In his recent contribution to ETF.com, Larry Swedroe discusses the results of a recent study suggesting that investors can exploit the varied performance of Factors across business cycles. He concludes though, that "there doesn’t seem to be enough convincing evidence that a style-timing strategy can be expected to be profitable going forward". 

The recent study “Fama-French Factors and Business Cycles” examines the behavior of six Fama-French factors—market beta (MKT), size (SMB), value (HML), momentum (MOM), investment (CMA) and profitability (RMW)—across business cycles, splitting the business cycles into four separate stages: recession, early-stage recovery, late-stage recovery and very-late-stage recovery.

"Based on these findings, the authors concluded there are differences in returns across each of the economic stages, as well as around yield curve inversions, and that factors perform differently in each stage. Additionally, because of the predictive power of the yield curve, investors can exploit those differences."

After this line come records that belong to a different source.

(* Let $m\ge 1$, and let $a_1,\dots,a_m\in[-1,1]$ with $\sum_{i=1}^m a_i=0$; set $p_i=(1+a_i)/m$. Let $X_1,\dots,X_n$ be i.i.d. on $[m]$ with $\Pr(X_1=i)=p_i$, let $h(x,y)=\mathbb{1}(x=y)$, $U_n=\binom{n}{2}^{-1}\sum_{1\le i<j\le n}h(X_i,X_j)$, and $\hat h(i)=\frac{1}{n-1}\sum_{j\ne i}h(X_i,X_j)$ for $i\in[n]$. Let $\gamma\in(0,1)$, assume $n\ge 16/\gamma$, and set $\xi=\frac{6}{m}+\frac{8\log(4n/\gamma)}{n}$. Then with probability at least $1-\gamma$, $|\hat h(i)-U_n|\le\xi$ for all $i\in[n]$. *)

theory Defs
  imports "HOL-Probability.Probability"
begin

definition hker :: "nat \<Rightarrow> nat \<Rightarrow> real" where
  "hker x y = (if x = y then 1 else 0)"

text \<open>U-statistic U_n for the sample X_0,...,X_{n-1} (indices shifted to 0-based).\<close>
definition Ustat :: "(nat \<Rightarrow> nat) \<Rightarrow> nat \<Rightarrow> real" where
  "Ustat X n = (\<Sum>i<n. \<Sum>j\<in>{i<..<n}. hker (X i) (X j)) / real (n choose 2)"

definition hhat :: "(nat \<Rightarrow> nat) \<Rightarrow> nat \<Rightarrow> nat \<Rightarrow> real" where
  "hhat X n i = (\<Sum>j\<in>{..<n} - {i}. hker (X i) (X j)) / (real n - 1)"

end

theory Submission
  imports Defs
begin

text \<open>
  Conditionally on \<open>X\<^sub>i = y\<close>, the number of matches \<open>\<Sum>\<^sub>j\<^sub>\<noteq>\<^sub>i h(X\<^sub>i, X\<^sub>j)\<close> is a sum of
  \<open>n - 1\<close> independent Bernoulli variables with mean \<open>p\<^sub>y \<le> 2/m\<close>. A Chernoff bound with
  exponential moment \<open>exp(1/2)\<close> shows \<open>Pr(hhat(i) \<ge> c) \<le> \<gamma>/(4n)\<close> for
  \<open>c = 3/m + 4 log(4n/\<gamma>)/n\<close>, so by the union bound \<open>hhat(i) < c\<close> for all \<open>i\<close> with
  probability at least \<open>1 - \<gamma>\<close>. On that event \<open>0 \<le> hhat(i) \<le> c\<close> and, since each pair is
  counted in the leave-one-out sums, \<open>0 \<le> U\<^sub>n \<le> 2c = \<xi>\<close>.
\<close>

lemma hker_nonneg: "0 \<le> hker x y"
  by (simp add: hker_def)

lemma real_choose_two: "real (n choose 2) = real n * (real n - 1) / 2"
proof (cases n)
  case (Suc k)
  have "even (n * (n - 1))" by (cases "even n") auto
  then show ?thesis
    using Suc by (auto simp: choose_two real_of_nat_div of_nat_diff algebra_simps)
qed simp

lemma hhat_nonneg: "0 \<le> hhat X n i"
  by (cases "n = 0") (auto simp: hhat_def hker_nonneg intro!: divide_nonneg_nonneg sum_nonneg)

lemma Ustat_nonneg: "0 \<le> Ustat X n"
  by (simp add: Ustat_def hker_nonneg sum_nonneg)

lemma Ustat_le_twice_hhat_bound:
  assumes n: "2 \<le> n" and bound: "\<forall>i<n. hhat X n i \<le> c"
  shows "Ustat X n \<le> 2 * c"
proof -
  have n1: "real n - 1 > 0" using n by simp
  have "(\<Sum>i<n. \<Sum>j\<in>{i<..<n}. hker (X i) (X j)) \<le> (\<Sum>i<n. \<Sum>j\<in>{..<n} - {i}. hker (X i) (X j))"
    by (intro sum_mono sum_mono2) (auto simp: hker_nonneg)
  also have "\<dots> = (\<Sum>i<n. (real n - 1) * hhat X n i)"
    using n1 by (simp add: hhat_def)
  also have "\<dots> \<le> (\<Sum>i<n. (real n - 1) * c)"
    using bound n1 by (intro sum_mono mult_left_mono) auto
  finally have "(\<Sum>i<n. \<Sum>j\<in>{i<..<n}. hker (X i) (X j)) \<le> (real n * (real n - 1) / 2) * (2 * c)"
    by simp
  moreover have "0 < real n * (real n - 1) / 2" using n1 n by simp
  ultimately show ?thesis
    unfolding Ustat_def real_choose_two by (simp only: pos_divide_le_eq mult.commute)
qed

lemma abs_hhat_minus_Ustat_le:
  assumes "2 \<le> n" and bound: "\<forall>i<n. hhat X n i \<le> c" and "i < n"
  shows "\<bar>hhat X n i - Ustat X n\<bar> \<le> 2 * c"
  using Ustat_le_twice_hhat_bound[OF assms(1,2)] bound[rule_format, OF assms(3)]
    hhat_nonneg[of X n i] Ustat_nonneg[of X n]
  by (simp add: abs_le_iff)

lemma nn_integral_point_weight:
  fixes D :: "'a pmf"
  assumes "c \<ge> 1"
  shows "(\<integral>\<^sup>+z. ennreal (if z = y then c else 1) \<partial>D) = ennreal (1 + (c - 1) * pmf D y)"
proof -
  have "(\<integral>\<^sup>+z. ennreal (if z = y then c else 1) \<partial>D)
      = (\<integral>\<^sup>+z. 1 + ennreal (c - 1) * indicator {y} z \<partial>D)"
  proof (intro nn_integral_cong)
    fix z
    have "ennreal c = ennreal 1 + ennreal (c - 1)"
      using assms by (subst ennreal_plus[symmetric]) auto
    then show "ennreal (if z = y then c else 1) = 1 + ennreal (c - 1) * indicator {y} z"
      by (simp add: indicator_def)
  qed
  also have "\<dots> = 1 + ennreal (c - 1) * pmf D y"
    by (simp add: nn_integral_add nn_integral_cmult emeasure_pmf_single)
  also have "\<dots> = ennreal (1 + (c - 1) * pmf D y)"
    using assms by (subst ennreal_plus) (auto simp: ennreal_mult)
  finally show ?thesis .
qed

lemma nn_integral_exp_matches_le:
  fixes D :: "nat pmf" and A :: "nat set"
  assumes fin: "finite A" and iA: "i \<notin> A" and pq: "\<And>y. pmf D y \<le> q" and \<theta>: "0 \<le> \<theta>"
  shows "(\<integral>\<^sup>+X. ennreal (\<Prod>j\<in>A. exp (\<theta> * hker (X i) (X j))) \<partial>Pi_pmf (insert i A) 0 (\<lambda>_. D))
          \<le> ennreal ((1 + (exp \<theta> - 1) * q) ^ card A)"
proof -
  define s where "s = exp \<theta>"
  have s1: "1 \<le> s" using \<theta> by (simp add: s_def)
  have "(\<integral>\<^sup>+X. ennreal (\<Prod>j\<in>A. exp (\<theta> * hker (X i) (X j))) \<partial>Pi_pmf (insert i A) 0 (\<lambda>_. D))
      = (\<integral>\<^sup>+y. \<integral>\<^sup>+f. ennreal (\<Prod>j\<in>A. exp (\<theta> * hker ((f(i:=y)) i) ((f(i:=y)) j)))
           \<partial>Pi_pmf A 0 (\<lambda>_. D) \<partial>D)"
    by (simp add: Pi_pmf_insert[OF fin iA] nn_integral_pair_pmf' case_prod_unfold cong: if_cong)
  also have "\<dots> = (\<integral>\<^sup>+y. \<integral>\<^sup>+f. (\<Prod>j\<in>A. ennreal (if f j = y then s else 1)) \<partial>Pi_pmf A 0 (\<lambda>_. D) \<partial>D)"
  proof (intro nn_integral_cong)
    fix y f
    have "(\<Prod>j\<in>A. exp (\<theta> * hker ((f(i:=y)) i) ((f(i:=y)) j))) = (\<Prod>j\<in>A. if f j = y then s else 1)"
      using iA by (intro prod.cong) (auto simp: hker_def s_def)
    then show "ennreal (\<Prod>j\<in>A. exp (\<theta> * hker ((f(i:=y)) i) ((f(i:=y)) j)))
        = (\<Prod>j\<in>A. ennreal (if f j = y then s else 1))"
      using s1 by (simp add: prod_ennreal)
  qed
  also have "\<dots> = (\<integral>\<^sup>+y. ennreal ((1 + (s - 1) * pmf D y) ^ card A) \<partial>D)"
    using s1 by (intro nn_integral_cong, subst nn_integral_prod_Pi_pmf[OF fin])
      (simp add: nn_integral_point_weight ennreal_power del: ennreal_plus)
  also have "\<dots> \<le> (\<integral>\<^sup>+y. ennreal ((1 + (s - 1) * q) ^ card A) \<partial>D)"
    using s1 pq by (intro nn_integral_mono ennreal_leI power_mono) (auto intro: mult_left_mono)
  finally show ?thesis by (simp add: s_def)
qed

lemma prob_matches_ge_le:
  fixes D :: "nat pmf" and A :: "nat set"
  assumes fin: "finite A" and iA: "i \<notin> A" and pq: "\<And>y. pmf D y \<le> q" and \<theta>: "0 \<le> \<theta>"
  shows "measure (Pi_pmf (insert i A) 0 (\<lambda>_. D)) {X. t \<le> (\<Sum>j\<in>A. hker (X i) (X j))}
          \<le> exp (- \<theta> * t) * (1 + (exp \<theta> - 1) * q) ^ card A"
proof -
  define M where "M = measure_pmf (Pi_pmf (insert i A) 0 (\<lambda>_. D))"
  define u where "u X = ennreal (\<Prod>j\<in>A. exp (\<theta> * hker (X i) (X j)))" for X :: "nat \<Rightarrow> nat"
  define B where "B = (1 + (exp \<theta> - 1) * q) ^ card A"
  have "0 \<le> q" using pq[of 0] pmf_nonneg[of D 0] by linarith
  then have B0: "0 \<le> B" using \<theta> by (simp add: B_def)
  have u_exp: "u X = ennreal (exp (\<theta> * (\<Sum>j\<in>A. hker (X i) (X j))))" for X
    by (simp add: u_def exp_sum[OF fin] sum_distrib_left)
  have "{X. t \<le> (\<Sum>j\<in>A. hker (X i) (X j))} \<subseteq> {X \<in> space M. 1 \<le> ennreal (exp (- \<theta> * t)) * u X}"
  proof safe
    fix X assume "t \<le> (\<Sum>j\<in>A. hker (X i) (X j))"
    then have "1 \<le> exp (- \<theta> * t) * exp (\<theta> * (\<Sum>j\<in>A. hker (X i) (X j)))"
      using \<theta> by (simp add: exp_add[symmetric] mult_left_mono)
    then show "1 \<le> ennreal (exp (- \<theta> * t)) * u X"
      by (simp add: u_exp ennreal_mult[symmetric])
  qed (simp add: M_def)
  then have "emeasure M {X. t \<le> (\<Sum>j\<in>A. hker (X i) (X j))}
      \<le> emeasure M {X \<in> space M. 1 \<le> ennreal (exp (- \<theta> * t)) * u X}"
    by (rule emeasure_mono) (simp add: M_def)
  also have "\<dots> \<le> ennreal (exp (- \<theta> * t)) * (\<integral>\<^sup>+X. u X * indicator (space M) X \<partial>M)"
    by (rule nn_integral_Markov_inequality) (auto simp: M_def)
  also have "\<dots> \<le> ennreal (exp (- \<theta> * t)) * ennreal B"
    unfolding M_def u_def B_def
    by (simp add: mult_left_mono nn_integral_exp_matches_le[OF fin iA pq \<theta>])
  finally show ?thesis
    using B0 by (simp add: M_def B_def measure_pmf.emeasure_eq_measure ennreal_mult[symmetric])
qed

lemma exp_half_le: "exp (1/2 :: real) \<le> 7/4"
proof -
  have "exp (1/2 :: real)^2 = exp 1"
    by (simp add: power2_eq_square mult_exp_exp)
  also have "\<dots> \<le> (7/4)^2" by (rule order.trans[OF exp_le]) (simp add: power2_eq_square)
  finally show ?thesis by (rule power2_le_imp_le) simp
qed

lemma prob_hhat_ge_le:
  fixes D :: "nat pmf"
  assumes pq: "\<And>y. pmf D y \<le> q" and n: "2 \<le> n" and i: "i < n"
  shows "measure (Pi_pmf {..<n} 0 (\<lambda>_. D)) {X. c \<le> hhat X n i}
          \<le> exp (- (real n - 1) * (c / 2 - 3 / 4 * q))"
proof -
  define A where "A = {..<n} - {i}"
  have A: "finite A" "i \<notin> A" "insert i A = {..<n}" "card A = n - 1"
    using i by (auto simp: A_def)
  have q0: "0 \<le> q" using pq[of 0] pmf_nonneg[of D 0] by linarith
  have n1: "real n - 1 > 0" using n by simp
  have "{X. c \<le> hhat X n i} = {X. (real n - 1) * c \<le> (\<Sum>j\<in>A. hker (X i) (X j))}"
    using n1 by (auto simp: hhat_def A_def le_divide_eq mult.commute)
  then have "measure (Pi_pmf {..<n} 0 (\<lambda>_. D)) {X. c \<le> hhat X n i}
      \<le> exp (- (1/2) * ((real n - 1) * c)) * (1 + (exp (1/2) - 1) * q) ^ (n - 1)"
    using prob_matches_ge_le[OF A(1,2) pq, of "1/2"] A by simp
  also have "(1 + (exp (1/2) - 1) * q) ^ (n - 1) \<le> exp ((exp (1/2) - 1) * q) ^ (n - 1)"
    using q0 by (intro power_mono exp_ge_add_one_self add_nonneg_nonneg mult_nonneg_nonneg) auto
  also have "\<dots> = exp ((real n - 1) * ((exp (1/2) - 1) * q))"
    using n by (simp add: exp_of_nat_mult[symmetric] of_nat_diff)
  also have "\<dots> \<le> exp ((real n - 1) * (3 / 4 * q))"
    using exp_half_le q0 n1 by (intro exp_mono mult_left_mono mult_right_mono) auto
  finally have "measure (Pi_pmf {..<n} 0 (\<lambda>_. D)) {X. c \<le> hhat X n i}
      \<le> exp (- (1/2) * ((real n - 1) * c)) * exp ((real n - 1) * (3 / 4 * q))"
    by (simp add: mult_left_mono)
  also have "\<dots> = exp (- (real n - 1) * (c / 2 - 3 / 4 * q))"
    unfolding mult_exp_exp by (rule arg_cong[where f = exp]) (simp add: field_simps)
  finally show ?thesis .
qed

lemma prob_hhat_ge_threshold_le:
  fixes D :: "nat pmf"
  assumes pq: "\<And>y. pmf D y \<le> 2 / real m" and n: "2 \<le> n" and i: "i < n" and L: "0 \<le> L"
  shows "measure (Pi_pmf {..<n} 0 (\<lambda>_. D)) {X. 3 / real m + 4 * L / real n \<le> hhat X n i} \<le> exp (- L)"
proof -
  have "measure (Pi_pmf {..<n} 0 (\<lambda>_. D)) {X. 3 / real m + 4 * L / real n \<le> hhat X n i}
      \<le> exp (- (real n - 1) * ((3 / real m + 4 * L / real n) / 2 - 3 / 4 * (2 / real m)))"
    using pq n i by (rule prob_hhat_ge_le)
  also have "\<dots> = exp (- (2 * (real n - 1) / real n) * L)"
    using n by (intro arg_cong[where f = exp]) (simp add: field_simps)
  also have "\<dots> \<le> exp (- L)"
    using n L by (intro exp_mono) (simp add: field_simps mult_left_mono)
  finally show ?thesis .
qed

lemma pmf_le_two_div:
  fixes D :: "nat pmf"
  assumes m: "m \<ge> 1"
    and a_bound: "\<forall>i\<in>{1..m}. -1 \<le> a i \<and> a i \<le> 1"
    and a_sum: "(\<Sum>i=1..m. a i) = 0"
    and D: "\<forall>i\<in>{1..m}. pmf D i = (1 + a i) / real m"
  shows "pmf D y \<le> 2 / real m"
proof (cases "y \<in> {1..m}")
  case True
  then show ?thesis using a_bound D by (auto simp: divide_right_mono)
next
  case False
  have "(\<Sum>i=1..m. pmf D i) = (\<Sum>i=1..m. (1 + a i) / real m)"
    using D by (intro sum.cong) auto
  also have "\<dots> = 1"
    using a_sum m by (simp add: sum_divide_distrib[symmetric] sum.distrib)
  finally have "measure D {1..m} = 1" by (simp add: measure_measure_pmf_finite)
  then have "measure D (UNIV - {1..m}) = 0" using measure_pmf.prob_compl[of "{1..m}" D] by simp
  moreover have "pmf D y \<le> measure D (UNIV - {1..m})"
    using False by (simp add: measure_pmf_single[symmetric] measure_pmf.finite_measure_mono)
  ultimately show ?thesis by simp
qed

theorem lemmaA19:
  fixes m n :: nat and a :: "nat \<Rightarrow> real" and \<gamma> :: real and D :: "nat pmf"
  assumes "m \<ge> 1"
    and "\<forall>i\<in>{1..m}. -1 \<le> a i \<and> a i \<le> 1"
    and "(\<Sum>i=1..m. a i) = 0"
    and "\<forall>i\<in>{1..m}. pmf D i = (1 + a i) / real m"
    and "0 < \<gamma>" and "\<gamma> < 1"
    and "real n \<ge> 16 / \<gamma>"
  shows "measure_pmf.prob (Pi_pmf {..<n} 0 (\<lambda>_. D))
           {X. \<forall>i<n. \<bar>hhat X n i - Ustat X n\<bar>
                 \<le> 6 / real m + 8 * ln (4 * real n / \<gamma>) / real n} \<ge> 1 - \<gamma>"
proof -
  define P where "P = Pi_pmf {..<n} 0 (\<lambda>_. D)"
  define L where "L = ln (4 * real n / \<gamma>)"
  define c where "c = 3 / real m + 4 * L / real n"
  define Bad where "Bad = (\<Union>i<n. {X. c \<le> hhat X n i})"
  have "16 < 16 / \<gamma>" using assms(5,6) by (simp add: less_divide_eq)
  then have n: "16 < real n" using assms(7) by linarith
  have L: "0 \<le> L" using assms(5,6) n by (simp add: L_def le_divide_eq)
  have "measure P {X. c \<le> hhat X n i} \<le> \<gamma> / real n" if "i < n" for i
  proof -
    have "measure P {X. c \<le> hhat X n i} \<le> exp (- L)"
      unfolding P_def c_def using n L that
      by (intro prob_hhat_ge_threshold_le pmf_le_two_div[OF assms(1-4)]) auto
    also have "\<dots> = \<gamma> / (4 * real n)"
      using assms(5) n by (simp add: L_def exp_minus exp_ln)
    also have "\<dots> \<le> \<gamma> / real n"
      using assms(5) n by (intro divide_left_mono) auto
    finally show ?thesis .
  qed
  then have "measure P Bad \<le> (\<Sum>i<n. \<gamma> / real n)"
    unfolding Bad_def by (intro order.trans[OF measure_pmf.finite_measure_subadditive_finite] sum_mono) auto
  then have "1 - \<gamma> \<le> measure P (UNIV - Bad)"
    using n measure_pmf.prob_compl[of Bad P] by simp
  also have "\<dots> \<le> measure P {X. \<forall>i<n. \<bar>hhat X n i - Ustat X n\<bar> \<le> 2 * c}"
  proof (intro measure_pmf.finite_measure_mono subsetI CollectI allI impI)
    fix X i assume "X \<in> UNIV - Bad" and "i < n"
    then have "\<forall>i<n. hhat X n i \<le> c" by (auto simp: Bad_def not_le less_imp_le)
    then show "\<bar>hhat X n i - Ustat X n\<bar> \<le> 2 * c"
      using abs_hhat_minus_Ustat_le \<open>i < n\<close> n by simp
  qed simp
  finally show ?thesis by (simp add: P_def c_def L_def)
qed

end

Despite the authors' conclusions, Larry highlights a number of considerations that call into question the ability of investors to successfully implement such strategies. He concludes that "The bottom line is that the most prudent strategy is for investors to build portfolios that are strategically (as opposed to tactically) diversified across factors that show persistence in their premiums, have low correlation to other factors, are pervasive around the globe and across asset classes, have intuitive reasons to believe the premiums should persist (whether behavioral-based or risk-based) and are implementable (meaning they survive transaction costs).